Spark01Fast forward to 1939 when he was again called for military service. His service number was 10761. He held various ranks up to Temporary Major and War Substantive rank as Captain and served in the Auxiliary Military Pioneer Corps. The Corps at its peak in May 1945 was probably the largest Corps in the Army. It included 12,000 Officers, 166,000 British Personnel and 400,000 Commonwealth Personnel. As well as being responsible for a civilian labour force of 1,074,000 and a Prisoner of war force of 173,000.

What motivated Durbin S. Spark to set up a school I cannot discover.

It is noted that he married Winifred Norrington (from Chard, Somerset) in mid 1921 and it was in September 1921 that, according to the earliest Chronicles, eight small boys sat down to their first lunch at a large wooden table in the dining room of the newly created Ravenswood School. Four boys sitting on either side:- E.P.C. Langdon, P. Griffin, G.M. Ward, R.K. Husband, F. Canning, G.A.H. Gould, B.H. Smith & E. J. Carver.

The 28th June 1922 marked the birth of the newlywed couple’s only child, Mary Joice Spark and by the summer of 1922 the number of pupils enrolled at the Paignton school had increased to fourteen!

Spark02Mr Spark was a descendant of Sir Walter Scott and it is quite possible that Mr Spark was attracted by the title ‘The Master of Ravenswood’ and the Paignton property was given the name ‘Ravenswood’ by him. One should remember that at Stoodleigh all the dormitories were named after personalities from Scott’s novels.The house and gardens at what is now 26 Cliff Road, Paignton continue to bear the name ‘Ravenswood.’

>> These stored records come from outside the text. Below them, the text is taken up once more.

lemma orthogonal_curve_velocity_skew:
  fixes \<gamma> :: "real \<Rightarrow> real^'n^'n"
  assumes orth: "\<And>t. transpose (\<gamma> t) ** \<gamma> t = mat 1" and \<gamma>: "(\<gamma> has_vector_derivative v) (at t)"
  shows "transpose (transpose (\<gamma> t) ** v) = - (transpose (\<gamma> t) ** v)"
proof -
  have "((\<lambda>t. transpose (\<gamma> t) ** \<gamma> t) has_vector_derivative
      transpose (\<gamma> t) ** v + transpose v ** \<gamma> t) (at t)"
    using bounded_bilinear.has_vector_derivative[OF bounded_bilinear_matrix_mult
        bounded_linear.has_vector_derivative[OF bounded_linear_transpose \<gamma>] \<gamma>] .
  moreover have "((\<lambda>t. transpose (\<gamma> t) ** \<gamma> t) has_vector_derivative 0) (at t)"
    by (simp add: orth)
  ultimately have "transpose (\<gamma> t) ** v + transpose v ** \<gamma> t = 0"
    by (rule vector_derivative_unique_at)
  then show ?thesis
    by (simp add: matrix_transpose_mul eq_neg_iff_add_eq_0 add.commute)
qed

definition elem_mat :: "'n::finite \<Rightarrow> 'n \<Rightarrow> 'a::semiring_1^'n^'n" where
  "elem_mat a b = (\<chi> r c. if r = a \<and> c = b then 1 else 0)"

lemma elem_mat_mult: "elem_mat a b ** elem_mat c d = (if b = c then elem_mat a d else 0)"
proof -
  have "(\<Sum>k\<in>UNIV. (if r = a \<and> k = b then 1 else 0) * (if k = c \<and> s = d then 1 else 0))
     = (if b = c \<and> r = a \<and> s = d then 1 else (0::'a::semiring_1))" for r s
  proof -
    have "(\<lambda>k. (if r = a \<and> k = b then 1 else 0) * (if k = c \<and> s = d then 1 else (0::'a)))
       = (\<lambda>k. if k = b then (if b = c \<and> r = a \<and> s = d then 1 else 0) else 0)"
      by auto
    then show ?thesis by (simp only:) (simp add: sum.delta)
  qed
  then show ?thesis
    unfolding elem_mat_def matrix_matrix_mult_def vec_eq_iff by simp
qed

lemma transpose_elem_mat: "transpose (elem_mat a b) = elem_mat b a"
  by (auto simp: elem_mat_def transpose_def vec_eq_iff)

lemma trace_elem_mat_mult: "trace (elem_mat a b ** X) = X $ b $ a"
proof -
  have "(\<Sum>k\<in>UNIV. (if i = a \<and> k = b then 1 else 0) * X $ k $ i) = (if i = a then X $ b $ a else 0)"
    for i
  proof -
    have "(\<lambda>k. (if i = a \<and> k = b then 1 else 0) * X $ k $ i)
        = (\<lambda>k. if k = b then (if i = a then X $ b $ a else 0) else 0)"
      by auto
    then show ?thesis by (simp only:) (simp add: sum.delta)
  qed
  then show ?thesis
    unfolding elem_mat_def trace_def matrix_matrix_mult_def by (simp add: sum.delta)
qed

definition plane_rotation :: "'n::finite \<Rightarrow> 'n \<Rightarrow> real \<Rightarrow> real^'n^'n" where
  "plane_rotation i j t = mat 1 + (cos t - 1) *\<^sub>R (elem_mat i i + elem_mat j j)
     + sin t *\<^sub>R (elem_mat j i - elem_mat i j)"

lemma plane_rotation_0 [simp]: "plane_rotation i j 0 = mat 1"
  by (simp add: plane_rotation_def)

lemma has_vector_derivative_plane_rotation:
  "(plane_rotation i j has_vector_derivative (elem_mat j i - elem_mat i j)) (at 0)"
  unfolding plane_rotation_def by (auto intro!: derivative_eq_intros)

lemma orthogonal_matrix_plane_rotation:
  fixes i j :: "'n::finite"
  assumes "i \<noteq> j"
  shows "orthogonal_matrix (plane_rotation i j t)"
proof -
  define P :: "real^'n^'n" where "P = elem_mat i i + elem_mat j j"
  define K :: "real^'n^'n" where "K = elem_mat j i - elem_mat i j"
  have "P ** P = P" "P ** K = K" "K ** P = K" "K ** K = - P" "transpose P = P" "transpose K = - K"
    using assms by (auto simp: P_def K_def matrix_algebra_simps elem_mat_mult transpose_elem_mat)
  moreover have "(cos t * cos t) *\<^sub>R P + (sin t * sin t) *\<^sub>R P = P"
    by (metis sin_cos_squared_add3 scaleR_left_distrib scaleR_one)
  ultimately have "transpose (plane_rotation i j t) ** plane_rotation i j t = mat 1"
    unfolding plane_rotation_def P_def[symmetric] K_def[symmetric]
    by (simp add: matrix_algebra_simps algebra_simps)
  then show ?thesis by (simp add: orthogonal_matrix)
qed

By the time the 1926 School photograph was taken numbers were up to thirty three, three of which are not included in the image as they are noted as being ill ! Incidentally Mary, Mr & Mrs Spark’s daughter, makes her first appearance in the 1924 photograph and appears in every school photograph we have copies of up to and including 1934. She then entered Sherborne Girls School, the first and possibly only Old Ravenswoodian to do so, certainly up until the 1970s. The image is of Mary Joice Spark in 1934 stood behind her parents – as the only girl in the image that description is somewhat unnecessary!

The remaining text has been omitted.